STRUCTURING CROSS-BORDER M&A TRANSACTIONS TO NAVIGATE INDIAN REGULATORY BARRIERS: A LEGAL PERSPECTIVE

INDIAN JOURNAL OF LEGAL REVIEW

STRUCTURING CROSS-BORDER M&A TRANSACTIONS TO NAVIGATE INDIAN REGULATORY BARRIERS: A LEGAL PERSPECTIVE

STRUCTURING CROSS-BORDER M&A TRANSACTIONS TO NAVIGATE INDIAN REGULATORY BARRIERS: A LEGAL PERSPECTIVE

AUTHOR – CHIRAG YADAV* & DR. SUSANTA SHADANGI**

* STUDENT AT ICFAI UNIVERSITY, DEHRADUN

** ASSOCIATE PROFESSOR AT ICFAI UNIVERSITY, DEHRADUN

BEST CITATION – CHIRAG YADAV & DR. SUSANTA SHADANGI, STRUCTURING CROSS-BORDER M&A TRANSACTIONS TO NAVIGATE INDIAN REGULATORY BARRIERS: A LEGAL PERSPECTIVE, INDIAN JOURNAL OF LEGAL REVIEW (IJLR), 6 (6) OF 2026, PG. 348-361, APIS – 3920 – 0001 & ISSN – 2583-2344.

Abstract

Cross-border mergers and acquisitions (M&A) represent one of the most complex categories of corporate transactions, particularly when they involve India as either the acquirer or the target jurisdiction. The Indian regulatory ecosystem governing such transactions is layered and multidimensional, encompassing foreign exchange controls under the Foreign Exchange Management Act, 1999, competition law clearances under the Competition Act, 2002, securities law requirements under the SEBI Takeover Code, and a wide array of sector-specific approvals. This paper undertakes a systematic legal analysis of the principal regulatory barriers confronted by foreign investors in cross-border M&A transactions involving India. It further proposes a set of structuring strategies  ranging from careful entity selection and phased investment approaches to creative use of joint ventures, asset acquisitions, and scheme-of-arrangement mechanisms  that can meaningfully reduce regulatory friction.

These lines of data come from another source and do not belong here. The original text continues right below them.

(* Let $(M_0,d,\Gamma)$ be a cone-like space and $\psi:M_0\to\mathbb{R}_+^*$ a function with $\psi\circ f=\rho(f)\psi$ for every $f\in\Gamma$, such that $\psi$ and $\psi^{-1}$ are locally bounded. Then $\psi$ is quasi-linear.
   Context: A cone-like space is a locally compact metric space $(M_0,d)$ together with a finitely generated, non-trivial group $\Gamma$ acting freely and properly discontinuously on $M_0$ by homotheties (i.e. for each $f\in\Gamma$ there is $\rho(f)>0$ with $d(f(x),f(y))=\rho(f)d(x,y)$ for all $x,y$), such that the identity is the only element of $\Gamma$ acting as an isometry, and such that the quotient $M_0/\Gamma$ is compact. The metric completion of a cone-like space is $M_0\cup\{\omega\}$ for a single point $\omega$ (the singularity); $\delta(x):=d(x,\omega)$. A positive function $\psi$ on $M_0$ is quasi-linear if there are constants $0<k_1\le k_2$ with $k_1\delta\le\psi\le k_2\delta$ on $M_0$. *)

theory Defs
  imports "HOL-Analysis.Analysis" "HOL-Algebra.Bij" "HOL-Algebra.Generated_Groups"
begin

text \<open>The cone-like space M0 is the whole carrier of a metric space type 'a;
  the group Gamma is a group of bijections of 'a under composition.\<close>

definition is_homothety :: "('a::metric_space \<Rightarrow> 'a) \<Rightarrow> real \<Rightarrow> bool" where
  "is_homothety f r \<longleftrightarrow> r > 0 \<and> (\<forall>x y. dist (f x) (f y) = r * dist x y)"

definition hratio :: "('a::metric_space \<Rightarrow> 'a) \<Rightarrow> real" where
  "hratio f = (SOME r. is_homothety f r)"

definition orbit :: "('a \<Rightarrow> 'a) set \<Rightarrow> 'a \<Rightarrow> 'a set" where
  "orbit G x = {f x | f. f \<in> G}"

The paper concludes with an assessment of emerging trends, including the competition law overhaul introduced by the Competition Amendment Act, 2023, proposed SEBI reforms to streamline scheme approvals, and the strategic opportunities opening up through India’s National Monetization Pipeline and Production Linked Incentive schemes. The analysis proceeds from the conviction that regulatory barriers, while real, are rarely insurmountable  and that a legally informed, proactively structured transaction stands a considerably better chance of achieving its commercial objectives.

Keywords: Cross-border M&A, Foreign Exchange Management Act, Competition Act, SEBI Takeover Code, FDI policy, deal structuring, joint ventures, competition clearance.